*** Records Section Begins ***
lemma well_conditioned_lbfgs_step:
  assumes "well_conditioned m M B" "0 < m" "0 < cs"
    and "P \<longrightarrow> cs * (norm s)^2 < y \<bullet> s \<and> norm y \<le> L * norm s"
  shows "well_conditioned (min m (min m (cs/2) / (2 * (L^2/(cs*m) + 1)))) (max M (M + L^2/cs + M^2/m))
           (if P then lbfgs_update B s y else B)"
proof (cases P)
  case True
  then have "well_conditioned (min m (cs/2) / (2 * (L^2/(cs*m) + 1))) (M + L^2/cs + M^2/m) (lbfgs_update B s y)"
    using assms by (intro well_conditioned_lbfgs_update) auto
  with True show ?thesis by (simp add: well_conditioned_mono)
next
  case False
  with assms(1) show ?thesis by (simp add: well_conditioned_mono)
qed

text \<open>The bounds depend on the number of updates but not on the pairs: this is why the memory
  limit matters.\<close>
lemma well_conditioned_foldl_lbfgs_update:
  fixes s y :: "'i \<Rightarrow> 'a::real_inner"
  assumes "0 < m" "0 < cs"
  shows "\<exists>m'>0. \<exists>M'. \<forall>B js. length js \<le> n \<longrightarrow> well_conditioned m M B \<longrightarrow>
           (\<forall>j\<in>set js. P j \<longrightarrow> cs * (norm (s j))^2 < y j \<bullet> s j \<and> norm (y j) \<le> L * norm (s j)) \<longrightarrow>
           well_conditioned m' M' (foldl (\<lambda>B j. if P j then lbfgs_update B (s j) (y j) else B) B js)"
  using assms(1)
proof (induction n arbitrary: m M)
  case 0
  then show ?case by auto
next
  case (Suc n)
  define m1 where "m1 = min m (min m (cs/2) / (2 * (L^2/(cs*m) + 1)))"
  define M1 where "M1 = max M (M + L^2/cs + M^2/m)"
  have "0 < m1" unfolding m1_def using Suc.prems assms(2) by (simp add: add_nonneg_pos)
  then obtain m2 M2 where "0 < m2" and IH: "\<forall>B js. length js \<le> n \<longrightarrow> well_conditioned m1 M1 B \<longrightarrow>
           (\<forall>j\<in>set js. P j \<longrightarrow> cs * (norm (s j))^2 < y j \<bullet> s j \<and> norm (y j) \<le> L * norm (s j)) \<longrightarrow>
           well_conditioned m2 M2 (foldl (\<lambda>B j. if P j then lbfgs_update B (s j) (y j) else B) B js)"
    using Suc.IH by blast
  have fold: "well_conditioned (min m m2) (max M M2) (foldl (\<lambda>B j. if P j then lbfgs_update B (s j) (y j) else B) B js)"
    if len: "length js \<le> Suc n" and B: "well_conditioned m M B"
      and pairs: "\<forall>j\<in>set js. P j \<longrightarrow> cs * (norm (s j))^2 < y j \<bullet> s j \<and> norm (y j) \<le> L * norm (s j)"
    for B :: "'a \<Rightarrow> 'a" and js
  proof (cases js)
    case Nil
    then show ?thesis using well_conditioned_mono[OF B] by simp
  next
    case (Cons j js')
    have "well_conditioned m1 M1 (if P j then lbfgs_update B (s j) (y j) else B)"
      unfolding m1_def M1_def using pairs Cons by (intro well_conditioned_lbfgs_step[OF B Suc.prems assms(2)]) simp
    then have "well_conditioned m2 M2
        (foldl (\<lambda>B j. if P j then lbfgs_update B (s j) (y j) else B) (if P j then lbfgs_update B (s j) (y j) else B) js')"
      using IH len pairs Cons by simp
    then have "well_conditioned (min m m2) (max M M2)
        (foldl (\<lambda>B j. if P j then lbfgs_update B (s j) (y j) else B) (if P j then lbfgs_update B (s j) (y j) else B) js')"
      by (rule well_conditioned_mono) auto
    then show ?thesis using Cons by simp
  qed
  show ?case
  proof (rule exI[of _ "min m m2"], intro conjI exI[of _ "max M M2"] allI impI)
    show "0 < min m m2" using \<open>0 < m2\<close> Suc.prems by simp
  qed (rule fold)
qed

section \<open>Line searches\<close>

lemma has_real_derivative_along_line:
  fixes J :: "'a::real_inner \<Rightarrow> real"
  assumes "\<And>v. (J has_derivative (\<lambda>h. grad v \<bullet> h)) (at v)"
  shows "((\<lambda>t. J (x + t *\<^sub>R d)) has_real_derivative (grad (x + t *\<^sub>R d) \<bullet> d)) (at t)"
proof -
  have "((\<lambda>t. x + t *\<^sub>R d) has_derivative (\<lambda>h. h *\<^sub>R d)) (at t)"
    by (auto intro!: derivative_eq_intros)
  from has_derivative_compose[OF this assms]
  have "((\<lambda>t. J (x + t *\<^sub>R d)) has_derivative (\<lambda>h. grad (x + t *\<^sub>R d) \<bullet> (h *\<^sub>R d))) (at t)" .
  moreover have "(\<lambda>h. grad (x + t *\<^sub>R d) \<bullet> (h *\<^sub>R d)) = (*) (grad (x + t *\<^sub>R d) \<bullet> d)"
    by (auto simp: mult.commute)
  ultimately show ?thesis unfolding has_field_derivative_def by simp
qed

text \<open>A minimiser of \<open>\<psi>\<close> on \<open>[0, t]\<close>: it lies strictly below the initial value, which is what keeps
  the corresponding point of a line search inside a sublevel set.\<close>
lemma exists_critical_point_below_start:
  fixes \<psi> \<psi>' :: "real \<Rightarrow> real"
  assumes deriv: "\<And>r. (\<psi> has_real_derivative \<psi>' r) (at r)"
    and "\<psi>' 0 < 0" "0 \<le> \<psi> t - \<psi> 0" "0 < t"
  shows "\<exists>\<xi>. 0 < \<xi> \<and> \<xi> < t \<and> \<psi> \<xi> < \<psi> 0 \<and> \<psi>' \<xi> = 0"
proof -
  obtain e where "e > 0" and e: "\<And>h. 0 < h \<Longrightarrow> h < e \<Longrightarrow> \<psi> h < \<psi> 0"
    using DERIV_neg_dec_right[OF deriv \<open>\<psi>' 0 < 0\<close>] by auto
  have "continuous_on {0..t} \<psi>"
    by (rule continuous_at_imp_continuous_on) (meson deriv DERIV_isCont)
  from continuous_attains_inf[OF compact_Icc _ this]
  obtain \<xi> where \<xi>: "\<xi> \<in> {0..t}" and min: "\<And>r. r \<in> {0..t} \<Longrightarrow> \<psi> \<xi> \<le> \<psi> r"
    using \<open>0 < t\<close> by auto
  have "\<psi> \<xi> < \<psi> 0"
  proof -
    define h where "h = min (e/2) (t/2)"
    have "0 < h" "h < e" "h \<le> t" unfolding h_def using \<open>e > 0\<close> \<open>0 < t\<close> by auto
    then show ?thesis using min[of h] e[of h] by fastforce
  qed
  moreover from this have "0 < \<xi>" "\<xi> < t"
    using \<xi> assms(3) by (auto simp: less_le)
  moreover have "\<psi>' \<xi> = 0"
  proof (rule DERIV_local_min[OF deriv])
    show "0 < min \<xi> (t - \<xi>)" using \<open>0 < \<xi>\<close> \<open>\<xi> < t\<close> by simp
    show "\<forall>r. \<bar>\<xi> - r\<bar> < min \<xi> (t - \<xi>) \<longrightarrow> \<psi> \<xi> \<le> \<psi> r"
      using min by (auto simp: abs_if split: if_splits)
  qed
  ultimately show ?thesis by blast
qed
*** Records Section Ends ***
## What is needed
Bring together every line in the entries that holds the string "True".

## Exercise response
  case True
  with True show ?thesis by (simp add: well_conditioned_mono)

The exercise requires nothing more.